=== What this task involves ===
Show all lines from the records below in which the string "subordinate" is present.

□ □ □

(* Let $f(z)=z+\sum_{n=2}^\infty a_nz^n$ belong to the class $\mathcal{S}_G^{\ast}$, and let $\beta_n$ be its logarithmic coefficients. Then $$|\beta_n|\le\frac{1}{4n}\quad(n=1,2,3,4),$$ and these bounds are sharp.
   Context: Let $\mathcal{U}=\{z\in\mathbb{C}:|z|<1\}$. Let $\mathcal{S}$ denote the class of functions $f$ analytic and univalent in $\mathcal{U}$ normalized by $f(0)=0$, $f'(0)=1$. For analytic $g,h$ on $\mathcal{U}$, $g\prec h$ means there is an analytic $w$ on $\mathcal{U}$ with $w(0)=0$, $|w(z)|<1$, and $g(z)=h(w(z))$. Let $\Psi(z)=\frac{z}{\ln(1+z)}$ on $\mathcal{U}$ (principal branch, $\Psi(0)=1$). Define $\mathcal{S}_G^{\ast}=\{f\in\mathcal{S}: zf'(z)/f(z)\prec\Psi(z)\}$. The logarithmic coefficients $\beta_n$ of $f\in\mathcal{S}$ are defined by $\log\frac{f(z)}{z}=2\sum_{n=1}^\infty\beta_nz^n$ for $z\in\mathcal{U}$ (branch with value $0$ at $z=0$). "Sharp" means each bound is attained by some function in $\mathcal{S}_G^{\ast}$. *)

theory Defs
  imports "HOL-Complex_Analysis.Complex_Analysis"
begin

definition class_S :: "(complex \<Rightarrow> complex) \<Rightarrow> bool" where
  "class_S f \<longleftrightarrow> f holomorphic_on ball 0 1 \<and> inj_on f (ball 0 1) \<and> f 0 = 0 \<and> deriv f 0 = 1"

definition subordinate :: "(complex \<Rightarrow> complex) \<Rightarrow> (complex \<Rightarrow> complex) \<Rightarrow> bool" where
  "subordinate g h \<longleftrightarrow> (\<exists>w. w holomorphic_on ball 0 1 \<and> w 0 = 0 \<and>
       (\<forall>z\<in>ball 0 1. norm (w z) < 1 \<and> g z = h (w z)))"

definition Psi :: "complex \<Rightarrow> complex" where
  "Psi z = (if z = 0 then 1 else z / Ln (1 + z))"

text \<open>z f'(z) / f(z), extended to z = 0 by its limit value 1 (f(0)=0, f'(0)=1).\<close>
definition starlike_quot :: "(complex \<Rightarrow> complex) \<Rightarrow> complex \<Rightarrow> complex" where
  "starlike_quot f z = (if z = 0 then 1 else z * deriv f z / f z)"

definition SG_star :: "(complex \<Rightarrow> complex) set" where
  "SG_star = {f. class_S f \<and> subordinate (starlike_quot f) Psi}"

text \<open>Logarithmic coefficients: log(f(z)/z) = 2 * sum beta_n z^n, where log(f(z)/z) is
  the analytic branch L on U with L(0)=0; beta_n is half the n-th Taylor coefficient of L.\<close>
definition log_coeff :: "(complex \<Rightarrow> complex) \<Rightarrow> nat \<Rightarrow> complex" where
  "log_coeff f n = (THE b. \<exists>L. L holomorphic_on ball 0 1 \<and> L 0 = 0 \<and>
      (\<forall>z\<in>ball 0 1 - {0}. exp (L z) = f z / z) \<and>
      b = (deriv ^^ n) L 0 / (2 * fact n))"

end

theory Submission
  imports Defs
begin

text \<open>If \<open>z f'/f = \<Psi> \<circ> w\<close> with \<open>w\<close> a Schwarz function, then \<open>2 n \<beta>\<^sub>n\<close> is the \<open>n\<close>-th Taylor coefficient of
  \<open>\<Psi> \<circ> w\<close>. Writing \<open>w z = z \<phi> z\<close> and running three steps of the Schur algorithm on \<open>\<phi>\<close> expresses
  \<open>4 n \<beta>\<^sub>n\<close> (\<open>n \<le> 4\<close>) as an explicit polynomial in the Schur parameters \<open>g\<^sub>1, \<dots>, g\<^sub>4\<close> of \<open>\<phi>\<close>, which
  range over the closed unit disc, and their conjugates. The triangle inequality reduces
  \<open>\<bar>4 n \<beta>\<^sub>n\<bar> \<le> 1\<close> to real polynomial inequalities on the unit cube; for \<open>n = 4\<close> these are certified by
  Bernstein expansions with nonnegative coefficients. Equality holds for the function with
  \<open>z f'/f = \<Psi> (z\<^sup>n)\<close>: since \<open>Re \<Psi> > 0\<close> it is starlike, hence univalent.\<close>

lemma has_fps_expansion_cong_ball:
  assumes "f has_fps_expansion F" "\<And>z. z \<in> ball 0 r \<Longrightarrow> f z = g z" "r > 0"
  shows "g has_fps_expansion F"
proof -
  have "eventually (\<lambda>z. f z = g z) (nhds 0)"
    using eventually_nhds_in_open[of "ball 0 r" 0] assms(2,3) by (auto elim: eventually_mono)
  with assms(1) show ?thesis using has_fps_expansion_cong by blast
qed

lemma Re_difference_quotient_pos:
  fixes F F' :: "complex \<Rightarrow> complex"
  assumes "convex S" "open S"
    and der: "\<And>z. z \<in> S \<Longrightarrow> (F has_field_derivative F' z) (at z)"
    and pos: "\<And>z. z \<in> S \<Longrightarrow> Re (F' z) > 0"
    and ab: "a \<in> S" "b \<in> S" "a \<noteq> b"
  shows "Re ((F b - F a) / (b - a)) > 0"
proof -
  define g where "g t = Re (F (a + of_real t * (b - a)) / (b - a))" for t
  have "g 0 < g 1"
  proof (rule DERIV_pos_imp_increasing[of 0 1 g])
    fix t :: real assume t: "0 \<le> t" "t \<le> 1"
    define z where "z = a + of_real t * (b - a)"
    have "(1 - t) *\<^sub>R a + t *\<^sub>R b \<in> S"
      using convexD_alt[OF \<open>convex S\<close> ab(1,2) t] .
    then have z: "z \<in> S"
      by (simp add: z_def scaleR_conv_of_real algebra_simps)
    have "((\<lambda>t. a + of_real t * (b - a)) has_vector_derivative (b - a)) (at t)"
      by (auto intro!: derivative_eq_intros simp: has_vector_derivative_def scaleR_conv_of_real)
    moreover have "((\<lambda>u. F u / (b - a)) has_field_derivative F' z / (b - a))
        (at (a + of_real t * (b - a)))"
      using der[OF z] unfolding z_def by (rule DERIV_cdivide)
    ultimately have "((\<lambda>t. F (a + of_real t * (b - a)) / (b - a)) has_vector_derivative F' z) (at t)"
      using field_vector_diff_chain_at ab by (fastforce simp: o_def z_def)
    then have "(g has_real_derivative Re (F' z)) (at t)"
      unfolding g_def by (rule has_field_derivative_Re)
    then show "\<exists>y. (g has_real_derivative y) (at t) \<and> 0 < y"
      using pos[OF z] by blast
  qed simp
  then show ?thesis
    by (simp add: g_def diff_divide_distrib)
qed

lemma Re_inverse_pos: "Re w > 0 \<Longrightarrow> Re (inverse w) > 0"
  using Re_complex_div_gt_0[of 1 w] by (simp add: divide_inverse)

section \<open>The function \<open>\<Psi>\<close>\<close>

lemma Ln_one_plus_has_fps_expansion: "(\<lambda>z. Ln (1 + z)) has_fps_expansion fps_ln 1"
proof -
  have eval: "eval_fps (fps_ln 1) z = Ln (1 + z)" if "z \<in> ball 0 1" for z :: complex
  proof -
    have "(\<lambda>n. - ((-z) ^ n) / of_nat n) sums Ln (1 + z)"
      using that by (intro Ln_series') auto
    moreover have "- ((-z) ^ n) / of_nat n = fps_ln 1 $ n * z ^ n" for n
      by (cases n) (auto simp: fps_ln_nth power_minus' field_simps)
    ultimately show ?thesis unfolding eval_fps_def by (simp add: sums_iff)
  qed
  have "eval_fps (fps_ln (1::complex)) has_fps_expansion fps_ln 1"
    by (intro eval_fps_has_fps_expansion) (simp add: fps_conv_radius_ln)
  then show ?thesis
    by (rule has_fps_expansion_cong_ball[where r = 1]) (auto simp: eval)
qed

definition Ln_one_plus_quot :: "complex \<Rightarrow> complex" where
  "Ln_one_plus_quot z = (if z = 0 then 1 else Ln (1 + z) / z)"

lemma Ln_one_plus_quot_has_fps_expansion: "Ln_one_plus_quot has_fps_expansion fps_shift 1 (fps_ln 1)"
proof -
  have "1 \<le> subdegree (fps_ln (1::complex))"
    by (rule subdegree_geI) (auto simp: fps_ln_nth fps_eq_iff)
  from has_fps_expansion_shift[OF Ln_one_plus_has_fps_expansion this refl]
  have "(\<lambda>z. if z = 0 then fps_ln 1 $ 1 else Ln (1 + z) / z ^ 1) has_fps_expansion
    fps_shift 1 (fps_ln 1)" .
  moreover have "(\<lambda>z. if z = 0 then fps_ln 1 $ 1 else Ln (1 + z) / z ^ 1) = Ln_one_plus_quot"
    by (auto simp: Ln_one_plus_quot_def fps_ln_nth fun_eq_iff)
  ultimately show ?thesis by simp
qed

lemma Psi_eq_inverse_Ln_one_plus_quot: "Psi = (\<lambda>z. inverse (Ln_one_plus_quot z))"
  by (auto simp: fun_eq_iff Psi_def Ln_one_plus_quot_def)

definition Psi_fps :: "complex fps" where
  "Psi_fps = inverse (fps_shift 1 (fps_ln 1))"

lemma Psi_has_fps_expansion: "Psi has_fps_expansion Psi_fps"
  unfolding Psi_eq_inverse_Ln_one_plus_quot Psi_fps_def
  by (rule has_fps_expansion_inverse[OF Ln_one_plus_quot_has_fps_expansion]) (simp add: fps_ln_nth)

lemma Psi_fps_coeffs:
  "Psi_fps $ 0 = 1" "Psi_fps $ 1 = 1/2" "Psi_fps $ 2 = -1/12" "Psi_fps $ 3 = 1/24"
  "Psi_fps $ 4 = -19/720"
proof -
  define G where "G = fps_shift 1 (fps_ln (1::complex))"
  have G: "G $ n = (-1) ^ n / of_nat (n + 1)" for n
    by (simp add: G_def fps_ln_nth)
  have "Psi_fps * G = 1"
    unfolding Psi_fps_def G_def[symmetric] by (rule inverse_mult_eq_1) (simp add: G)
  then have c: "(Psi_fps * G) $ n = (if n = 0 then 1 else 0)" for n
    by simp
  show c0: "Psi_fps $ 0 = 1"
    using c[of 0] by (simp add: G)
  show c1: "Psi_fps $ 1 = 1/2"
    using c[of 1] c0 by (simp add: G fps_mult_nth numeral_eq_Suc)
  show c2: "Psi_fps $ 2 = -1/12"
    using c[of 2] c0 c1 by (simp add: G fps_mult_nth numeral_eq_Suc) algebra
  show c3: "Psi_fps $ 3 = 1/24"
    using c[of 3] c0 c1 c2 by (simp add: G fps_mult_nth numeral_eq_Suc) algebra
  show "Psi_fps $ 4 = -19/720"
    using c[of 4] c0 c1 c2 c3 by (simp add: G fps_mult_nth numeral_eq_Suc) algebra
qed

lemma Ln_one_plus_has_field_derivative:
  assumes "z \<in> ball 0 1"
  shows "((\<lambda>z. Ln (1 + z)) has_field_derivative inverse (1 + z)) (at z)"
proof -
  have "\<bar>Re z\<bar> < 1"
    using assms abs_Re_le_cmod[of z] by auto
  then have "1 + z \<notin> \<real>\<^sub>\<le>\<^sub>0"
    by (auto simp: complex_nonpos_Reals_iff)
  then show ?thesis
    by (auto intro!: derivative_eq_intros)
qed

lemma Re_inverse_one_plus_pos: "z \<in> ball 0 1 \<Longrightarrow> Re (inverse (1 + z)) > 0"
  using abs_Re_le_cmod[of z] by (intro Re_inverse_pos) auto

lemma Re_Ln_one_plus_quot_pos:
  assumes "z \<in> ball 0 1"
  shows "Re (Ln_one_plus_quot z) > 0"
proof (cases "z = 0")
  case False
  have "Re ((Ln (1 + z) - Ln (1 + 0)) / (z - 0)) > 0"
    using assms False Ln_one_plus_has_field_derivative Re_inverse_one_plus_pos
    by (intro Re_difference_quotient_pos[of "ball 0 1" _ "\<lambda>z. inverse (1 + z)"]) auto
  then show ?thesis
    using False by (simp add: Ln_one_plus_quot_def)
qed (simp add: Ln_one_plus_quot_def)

□ □ □

=== Task solution ===
definition subordinate :: "(complex \<Rightarrow> complex) \<Rightarrow> (complex \<Rightarrow> complex) \<Rightarrow> bool" where
  "subordinate g h \<longleftrightarrow> (\<exists>w. w holomorphic_on ball 0 1 \<and> w 0 = 0 \<and>
  "SG_star = {f. class_S f \<and> subordinate (starlike_quot f) Psi}"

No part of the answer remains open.